- **EXERCISE INSTRUCTIONS**:
Beginning at the line that holds "int i)) = m", restate each line exactly through the final line of the records. Include both of those lines.

[Records excerpted from a collection]
* * *

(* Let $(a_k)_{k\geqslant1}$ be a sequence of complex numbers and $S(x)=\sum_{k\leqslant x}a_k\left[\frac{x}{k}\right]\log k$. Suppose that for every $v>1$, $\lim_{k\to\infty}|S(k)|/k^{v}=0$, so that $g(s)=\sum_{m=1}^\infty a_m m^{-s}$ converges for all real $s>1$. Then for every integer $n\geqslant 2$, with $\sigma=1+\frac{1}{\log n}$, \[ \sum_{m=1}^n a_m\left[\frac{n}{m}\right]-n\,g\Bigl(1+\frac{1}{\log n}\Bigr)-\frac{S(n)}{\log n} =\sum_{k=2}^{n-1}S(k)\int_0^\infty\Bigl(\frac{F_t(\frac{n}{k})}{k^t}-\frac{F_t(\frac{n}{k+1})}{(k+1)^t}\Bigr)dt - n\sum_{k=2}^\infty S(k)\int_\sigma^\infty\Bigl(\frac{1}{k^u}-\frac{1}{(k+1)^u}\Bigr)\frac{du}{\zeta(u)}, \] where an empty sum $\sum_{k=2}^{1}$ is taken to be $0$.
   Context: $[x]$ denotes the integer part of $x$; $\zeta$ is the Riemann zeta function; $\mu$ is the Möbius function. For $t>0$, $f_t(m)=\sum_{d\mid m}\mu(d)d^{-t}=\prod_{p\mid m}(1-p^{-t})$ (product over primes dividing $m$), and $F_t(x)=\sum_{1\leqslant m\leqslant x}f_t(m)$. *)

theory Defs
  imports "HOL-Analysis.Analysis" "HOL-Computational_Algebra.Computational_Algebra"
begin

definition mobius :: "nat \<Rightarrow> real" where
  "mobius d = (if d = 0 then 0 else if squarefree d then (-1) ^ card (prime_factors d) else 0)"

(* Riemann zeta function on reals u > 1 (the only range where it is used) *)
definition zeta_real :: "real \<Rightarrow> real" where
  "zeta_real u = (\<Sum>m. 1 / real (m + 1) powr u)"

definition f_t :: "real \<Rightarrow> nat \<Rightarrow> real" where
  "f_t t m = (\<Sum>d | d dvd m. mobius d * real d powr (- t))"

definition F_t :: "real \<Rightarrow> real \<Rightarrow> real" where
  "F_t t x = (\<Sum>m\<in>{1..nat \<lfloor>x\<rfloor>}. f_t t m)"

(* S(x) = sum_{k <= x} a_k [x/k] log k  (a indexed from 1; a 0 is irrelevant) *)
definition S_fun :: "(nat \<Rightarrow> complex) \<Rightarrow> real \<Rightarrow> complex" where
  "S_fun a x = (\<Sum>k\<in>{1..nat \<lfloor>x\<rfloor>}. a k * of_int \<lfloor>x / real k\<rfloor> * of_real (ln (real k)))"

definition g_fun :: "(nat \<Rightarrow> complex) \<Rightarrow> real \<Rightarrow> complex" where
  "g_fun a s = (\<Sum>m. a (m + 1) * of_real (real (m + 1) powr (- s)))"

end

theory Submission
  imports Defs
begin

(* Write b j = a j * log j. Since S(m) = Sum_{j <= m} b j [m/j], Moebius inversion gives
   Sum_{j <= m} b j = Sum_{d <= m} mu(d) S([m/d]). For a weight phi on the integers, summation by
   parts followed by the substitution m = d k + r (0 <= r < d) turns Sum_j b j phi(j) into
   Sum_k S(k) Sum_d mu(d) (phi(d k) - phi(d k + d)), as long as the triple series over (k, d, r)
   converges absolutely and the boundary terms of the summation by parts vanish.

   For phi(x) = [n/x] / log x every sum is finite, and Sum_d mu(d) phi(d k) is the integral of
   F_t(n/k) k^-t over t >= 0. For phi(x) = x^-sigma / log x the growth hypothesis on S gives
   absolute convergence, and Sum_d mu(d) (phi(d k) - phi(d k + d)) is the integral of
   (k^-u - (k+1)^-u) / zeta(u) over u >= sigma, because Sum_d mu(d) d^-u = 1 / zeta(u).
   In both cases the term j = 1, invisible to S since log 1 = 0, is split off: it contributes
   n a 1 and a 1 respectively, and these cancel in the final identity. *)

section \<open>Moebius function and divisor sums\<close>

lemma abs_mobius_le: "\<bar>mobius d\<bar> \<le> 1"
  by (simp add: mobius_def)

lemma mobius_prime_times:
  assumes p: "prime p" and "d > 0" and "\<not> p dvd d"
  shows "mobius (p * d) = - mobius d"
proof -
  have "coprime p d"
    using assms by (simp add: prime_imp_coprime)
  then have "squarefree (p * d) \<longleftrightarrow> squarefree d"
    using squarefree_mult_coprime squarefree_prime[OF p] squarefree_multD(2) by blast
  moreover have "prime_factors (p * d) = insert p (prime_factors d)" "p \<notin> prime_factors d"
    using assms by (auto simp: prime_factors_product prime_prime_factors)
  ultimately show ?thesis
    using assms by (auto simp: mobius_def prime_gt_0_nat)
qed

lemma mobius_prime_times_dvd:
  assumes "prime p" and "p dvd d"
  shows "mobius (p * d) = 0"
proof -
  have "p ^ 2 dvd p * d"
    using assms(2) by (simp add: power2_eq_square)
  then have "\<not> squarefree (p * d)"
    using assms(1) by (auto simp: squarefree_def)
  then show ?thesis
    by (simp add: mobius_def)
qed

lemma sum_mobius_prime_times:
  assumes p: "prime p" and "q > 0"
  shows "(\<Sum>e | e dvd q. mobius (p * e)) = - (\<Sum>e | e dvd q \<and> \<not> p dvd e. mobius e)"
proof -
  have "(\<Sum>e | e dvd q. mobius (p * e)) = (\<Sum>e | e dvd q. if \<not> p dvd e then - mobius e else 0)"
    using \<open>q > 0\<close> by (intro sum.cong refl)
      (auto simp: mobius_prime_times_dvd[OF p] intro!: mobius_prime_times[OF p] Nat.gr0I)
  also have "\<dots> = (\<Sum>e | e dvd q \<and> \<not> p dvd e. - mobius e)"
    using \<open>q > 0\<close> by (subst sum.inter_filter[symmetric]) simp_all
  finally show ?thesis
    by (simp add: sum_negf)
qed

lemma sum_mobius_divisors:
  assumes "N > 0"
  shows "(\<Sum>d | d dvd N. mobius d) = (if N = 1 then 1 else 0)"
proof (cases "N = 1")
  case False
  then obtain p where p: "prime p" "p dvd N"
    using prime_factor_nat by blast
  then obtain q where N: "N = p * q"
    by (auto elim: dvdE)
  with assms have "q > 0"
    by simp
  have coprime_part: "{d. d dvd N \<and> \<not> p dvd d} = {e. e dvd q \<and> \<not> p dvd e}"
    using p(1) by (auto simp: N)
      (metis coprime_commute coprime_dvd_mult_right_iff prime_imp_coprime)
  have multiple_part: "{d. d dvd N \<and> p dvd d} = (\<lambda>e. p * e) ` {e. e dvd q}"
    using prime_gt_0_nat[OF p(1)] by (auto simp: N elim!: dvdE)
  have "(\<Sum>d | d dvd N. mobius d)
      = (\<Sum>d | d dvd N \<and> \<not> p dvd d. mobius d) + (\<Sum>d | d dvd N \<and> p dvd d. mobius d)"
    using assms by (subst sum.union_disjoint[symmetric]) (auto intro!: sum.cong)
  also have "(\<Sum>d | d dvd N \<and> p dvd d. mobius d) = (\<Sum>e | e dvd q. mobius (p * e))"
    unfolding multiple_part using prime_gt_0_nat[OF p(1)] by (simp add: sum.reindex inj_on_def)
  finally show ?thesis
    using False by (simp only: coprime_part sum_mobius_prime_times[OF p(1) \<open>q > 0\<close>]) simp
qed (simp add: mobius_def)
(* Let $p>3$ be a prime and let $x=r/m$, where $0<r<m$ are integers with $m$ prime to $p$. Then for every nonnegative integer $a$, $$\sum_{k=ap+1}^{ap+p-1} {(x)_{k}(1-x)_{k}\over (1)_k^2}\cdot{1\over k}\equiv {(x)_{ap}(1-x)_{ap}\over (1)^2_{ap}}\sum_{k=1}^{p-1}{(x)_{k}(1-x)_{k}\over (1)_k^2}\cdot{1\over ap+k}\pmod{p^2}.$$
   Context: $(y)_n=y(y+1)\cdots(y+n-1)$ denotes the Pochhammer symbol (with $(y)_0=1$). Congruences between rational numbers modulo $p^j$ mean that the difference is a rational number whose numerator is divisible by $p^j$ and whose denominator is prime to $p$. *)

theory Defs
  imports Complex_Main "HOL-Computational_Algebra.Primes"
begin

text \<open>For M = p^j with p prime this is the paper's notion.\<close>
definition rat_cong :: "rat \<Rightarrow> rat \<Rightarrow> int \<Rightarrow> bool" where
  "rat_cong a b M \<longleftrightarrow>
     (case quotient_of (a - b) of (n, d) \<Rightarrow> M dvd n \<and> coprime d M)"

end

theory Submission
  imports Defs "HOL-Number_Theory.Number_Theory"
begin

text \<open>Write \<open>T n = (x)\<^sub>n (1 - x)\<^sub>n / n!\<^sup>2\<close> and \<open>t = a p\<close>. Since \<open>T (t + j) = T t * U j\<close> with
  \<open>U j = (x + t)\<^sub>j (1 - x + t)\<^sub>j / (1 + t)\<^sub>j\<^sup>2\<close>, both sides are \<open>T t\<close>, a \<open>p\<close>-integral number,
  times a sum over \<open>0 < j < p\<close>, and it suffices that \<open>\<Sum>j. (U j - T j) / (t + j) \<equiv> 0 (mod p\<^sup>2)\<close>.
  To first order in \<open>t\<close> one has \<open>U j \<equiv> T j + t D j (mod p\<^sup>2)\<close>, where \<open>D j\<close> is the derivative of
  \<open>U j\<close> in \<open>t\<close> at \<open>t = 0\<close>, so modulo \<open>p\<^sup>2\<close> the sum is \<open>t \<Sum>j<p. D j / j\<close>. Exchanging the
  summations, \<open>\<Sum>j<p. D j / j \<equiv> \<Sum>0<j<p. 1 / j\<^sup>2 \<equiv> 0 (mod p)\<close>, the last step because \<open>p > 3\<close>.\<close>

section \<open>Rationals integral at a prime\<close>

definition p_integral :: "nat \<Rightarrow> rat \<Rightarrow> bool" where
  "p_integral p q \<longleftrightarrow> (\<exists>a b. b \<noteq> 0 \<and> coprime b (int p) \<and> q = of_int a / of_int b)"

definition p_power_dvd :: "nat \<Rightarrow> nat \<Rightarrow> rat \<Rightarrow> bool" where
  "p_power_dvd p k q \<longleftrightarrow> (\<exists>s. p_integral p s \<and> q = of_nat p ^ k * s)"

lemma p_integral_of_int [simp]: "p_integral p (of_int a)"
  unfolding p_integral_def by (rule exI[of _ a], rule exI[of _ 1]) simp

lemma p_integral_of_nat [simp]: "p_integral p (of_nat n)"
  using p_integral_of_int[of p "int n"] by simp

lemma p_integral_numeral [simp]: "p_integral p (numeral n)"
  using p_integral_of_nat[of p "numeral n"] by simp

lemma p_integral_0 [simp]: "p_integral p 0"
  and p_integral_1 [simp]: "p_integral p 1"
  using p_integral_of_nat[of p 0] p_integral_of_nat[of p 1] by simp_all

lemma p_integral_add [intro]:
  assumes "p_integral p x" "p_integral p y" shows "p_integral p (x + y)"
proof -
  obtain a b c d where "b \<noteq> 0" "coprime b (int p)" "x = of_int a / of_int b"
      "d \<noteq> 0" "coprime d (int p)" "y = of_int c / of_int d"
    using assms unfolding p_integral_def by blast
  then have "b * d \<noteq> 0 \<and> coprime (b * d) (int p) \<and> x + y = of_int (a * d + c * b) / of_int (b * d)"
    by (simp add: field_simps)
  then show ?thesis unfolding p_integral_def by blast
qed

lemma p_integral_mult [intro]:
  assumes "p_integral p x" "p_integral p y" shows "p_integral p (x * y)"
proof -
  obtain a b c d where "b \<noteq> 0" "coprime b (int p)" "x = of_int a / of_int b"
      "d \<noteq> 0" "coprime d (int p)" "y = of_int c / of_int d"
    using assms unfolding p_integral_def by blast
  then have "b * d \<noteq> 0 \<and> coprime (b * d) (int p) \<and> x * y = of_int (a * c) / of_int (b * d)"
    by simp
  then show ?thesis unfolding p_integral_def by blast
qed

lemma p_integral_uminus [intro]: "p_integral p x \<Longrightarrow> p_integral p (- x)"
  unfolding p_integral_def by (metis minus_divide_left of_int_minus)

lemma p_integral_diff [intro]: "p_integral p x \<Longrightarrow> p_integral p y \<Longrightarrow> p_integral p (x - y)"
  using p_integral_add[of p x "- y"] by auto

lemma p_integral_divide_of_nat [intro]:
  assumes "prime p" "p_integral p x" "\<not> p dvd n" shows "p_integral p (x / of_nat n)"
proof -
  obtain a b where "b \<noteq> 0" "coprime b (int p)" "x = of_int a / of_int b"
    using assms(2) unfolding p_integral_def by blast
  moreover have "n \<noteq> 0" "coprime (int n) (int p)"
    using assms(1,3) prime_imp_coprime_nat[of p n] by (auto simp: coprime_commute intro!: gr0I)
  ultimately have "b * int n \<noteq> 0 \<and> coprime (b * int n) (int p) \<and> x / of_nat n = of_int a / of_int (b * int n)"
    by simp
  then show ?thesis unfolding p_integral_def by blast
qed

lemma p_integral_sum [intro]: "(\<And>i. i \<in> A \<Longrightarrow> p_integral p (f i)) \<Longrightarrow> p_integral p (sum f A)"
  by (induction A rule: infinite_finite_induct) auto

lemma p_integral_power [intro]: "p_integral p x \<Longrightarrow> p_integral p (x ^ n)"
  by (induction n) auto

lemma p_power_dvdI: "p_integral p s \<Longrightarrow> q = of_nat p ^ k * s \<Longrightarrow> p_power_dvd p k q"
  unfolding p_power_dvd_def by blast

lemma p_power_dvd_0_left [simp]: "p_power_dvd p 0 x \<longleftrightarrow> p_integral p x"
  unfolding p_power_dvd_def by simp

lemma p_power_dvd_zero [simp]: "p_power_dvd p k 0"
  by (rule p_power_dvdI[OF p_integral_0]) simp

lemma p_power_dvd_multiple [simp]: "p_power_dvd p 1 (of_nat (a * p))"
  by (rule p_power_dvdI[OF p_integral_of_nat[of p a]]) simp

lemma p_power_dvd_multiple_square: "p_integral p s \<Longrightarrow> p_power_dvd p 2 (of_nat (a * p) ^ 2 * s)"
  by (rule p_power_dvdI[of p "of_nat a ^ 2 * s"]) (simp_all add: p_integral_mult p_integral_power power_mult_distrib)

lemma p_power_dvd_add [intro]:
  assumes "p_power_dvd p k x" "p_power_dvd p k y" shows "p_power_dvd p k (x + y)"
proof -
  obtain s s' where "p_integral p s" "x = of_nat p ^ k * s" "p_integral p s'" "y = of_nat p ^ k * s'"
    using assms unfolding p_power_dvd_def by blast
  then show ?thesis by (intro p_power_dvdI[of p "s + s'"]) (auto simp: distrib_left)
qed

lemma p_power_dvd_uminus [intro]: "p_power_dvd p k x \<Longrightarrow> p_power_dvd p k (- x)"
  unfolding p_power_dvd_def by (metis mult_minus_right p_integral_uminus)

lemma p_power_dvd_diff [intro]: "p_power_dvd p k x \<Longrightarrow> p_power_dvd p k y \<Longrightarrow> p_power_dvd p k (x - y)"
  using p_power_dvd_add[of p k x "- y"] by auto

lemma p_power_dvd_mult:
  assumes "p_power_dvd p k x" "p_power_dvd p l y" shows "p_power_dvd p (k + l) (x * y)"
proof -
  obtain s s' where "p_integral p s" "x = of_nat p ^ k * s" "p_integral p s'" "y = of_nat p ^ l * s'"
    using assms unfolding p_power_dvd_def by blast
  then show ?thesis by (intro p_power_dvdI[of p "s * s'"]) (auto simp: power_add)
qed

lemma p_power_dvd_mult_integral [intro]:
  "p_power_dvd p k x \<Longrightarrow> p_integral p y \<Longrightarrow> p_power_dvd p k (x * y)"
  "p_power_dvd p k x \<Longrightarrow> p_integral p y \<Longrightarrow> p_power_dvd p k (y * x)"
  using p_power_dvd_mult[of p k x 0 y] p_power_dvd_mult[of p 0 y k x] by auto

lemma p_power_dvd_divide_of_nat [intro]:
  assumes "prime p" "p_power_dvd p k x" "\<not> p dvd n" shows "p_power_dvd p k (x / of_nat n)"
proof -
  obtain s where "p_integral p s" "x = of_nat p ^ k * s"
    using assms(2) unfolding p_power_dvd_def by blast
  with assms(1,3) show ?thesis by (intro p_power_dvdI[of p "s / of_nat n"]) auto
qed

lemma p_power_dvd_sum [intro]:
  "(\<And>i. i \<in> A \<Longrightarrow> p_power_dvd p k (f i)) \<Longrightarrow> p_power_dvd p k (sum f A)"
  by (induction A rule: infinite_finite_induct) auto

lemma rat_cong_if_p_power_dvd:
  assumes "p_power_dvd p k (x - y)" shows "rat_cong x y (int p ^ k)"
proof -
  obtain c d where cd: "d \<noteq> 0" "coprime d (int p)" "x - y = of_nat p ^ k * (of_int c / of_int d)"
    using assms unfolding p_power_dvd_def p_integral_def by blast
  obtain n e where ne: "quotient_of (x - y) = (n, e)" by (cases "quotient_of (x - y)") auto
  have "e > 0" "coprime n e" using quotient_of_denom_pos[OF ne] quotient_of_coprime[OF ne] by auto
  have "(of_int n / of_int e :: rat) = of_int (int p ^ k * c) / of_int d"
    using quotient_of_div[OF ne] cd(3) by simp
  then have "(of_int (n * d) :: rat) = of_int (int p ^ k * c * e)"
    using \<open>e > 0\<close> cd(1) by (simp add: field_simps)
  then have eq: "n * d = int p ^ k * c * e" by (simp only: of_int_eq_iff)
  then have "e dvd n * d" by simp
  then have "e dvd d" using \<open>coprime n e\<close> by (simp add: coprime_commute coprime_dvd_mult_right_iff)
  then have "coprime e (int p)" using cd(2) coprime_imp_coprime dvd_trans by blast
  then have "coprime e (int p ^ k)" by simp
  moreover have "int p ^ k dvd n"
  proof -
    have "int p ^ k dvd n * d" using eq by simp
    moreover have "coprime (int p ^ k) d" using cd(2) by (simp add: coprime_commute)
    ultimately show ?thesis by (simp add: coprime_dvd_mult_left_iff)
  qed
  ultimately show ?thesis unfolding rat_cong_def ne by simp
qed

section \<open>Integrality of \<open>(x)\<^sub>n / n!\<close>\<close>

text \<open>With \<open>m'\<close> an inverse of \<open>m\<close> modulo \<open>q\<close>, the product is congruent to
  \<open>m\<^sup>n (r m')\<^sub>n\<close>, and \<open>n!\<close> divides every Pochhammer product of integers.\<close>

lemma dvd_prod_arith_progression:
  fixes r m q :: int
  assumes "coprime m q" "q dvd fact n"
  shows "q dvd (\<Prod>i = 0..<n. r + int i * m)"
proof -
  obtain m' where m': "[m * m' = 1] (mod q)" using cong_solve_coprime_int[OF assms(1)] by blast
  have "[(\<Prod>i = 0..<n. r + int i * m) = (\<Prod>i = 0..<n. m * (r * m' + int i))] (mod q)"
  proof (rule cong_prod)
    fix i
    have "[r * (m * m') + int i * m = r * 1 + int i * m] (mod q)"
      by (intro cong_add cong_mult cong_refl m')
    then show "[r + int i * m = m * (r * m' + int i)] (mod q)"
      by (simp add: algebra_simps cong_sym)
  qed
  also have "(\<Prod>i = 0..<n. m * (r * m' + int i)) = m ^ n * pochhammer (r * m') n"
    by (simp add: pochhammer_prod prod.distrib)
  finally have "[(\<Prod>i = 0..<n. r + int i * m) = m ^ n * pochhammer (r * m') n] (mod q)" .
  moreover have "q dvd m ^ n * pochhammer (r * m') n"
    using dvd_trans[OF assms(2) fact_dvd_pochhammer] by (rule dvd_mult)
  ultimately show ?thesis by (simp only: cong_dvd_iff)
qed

* * *

- **ANSWER TO THE PROBLEM**:
  also have "(\<Prod>i = 0..<n. m * (r * m' + int i)) = m ^ n * pochhammer (r * m') n"
    by (simp add: pochhammer_prod prod.distrib)
  finally have "[(\<Prod>i = 0..<n. r + int i * m) = m ^ n * pochhammer (r * m') n] (mod q)" .
  moreover have "q dvd m ^ n * pochhammer (r * m') n"
    using dvd_trans[OF assms(2) fact_dvd_pochhammer] by (rule dvd_mult)
  ultimately show ?thesis by (simp only: cong_dvd_iff)
qed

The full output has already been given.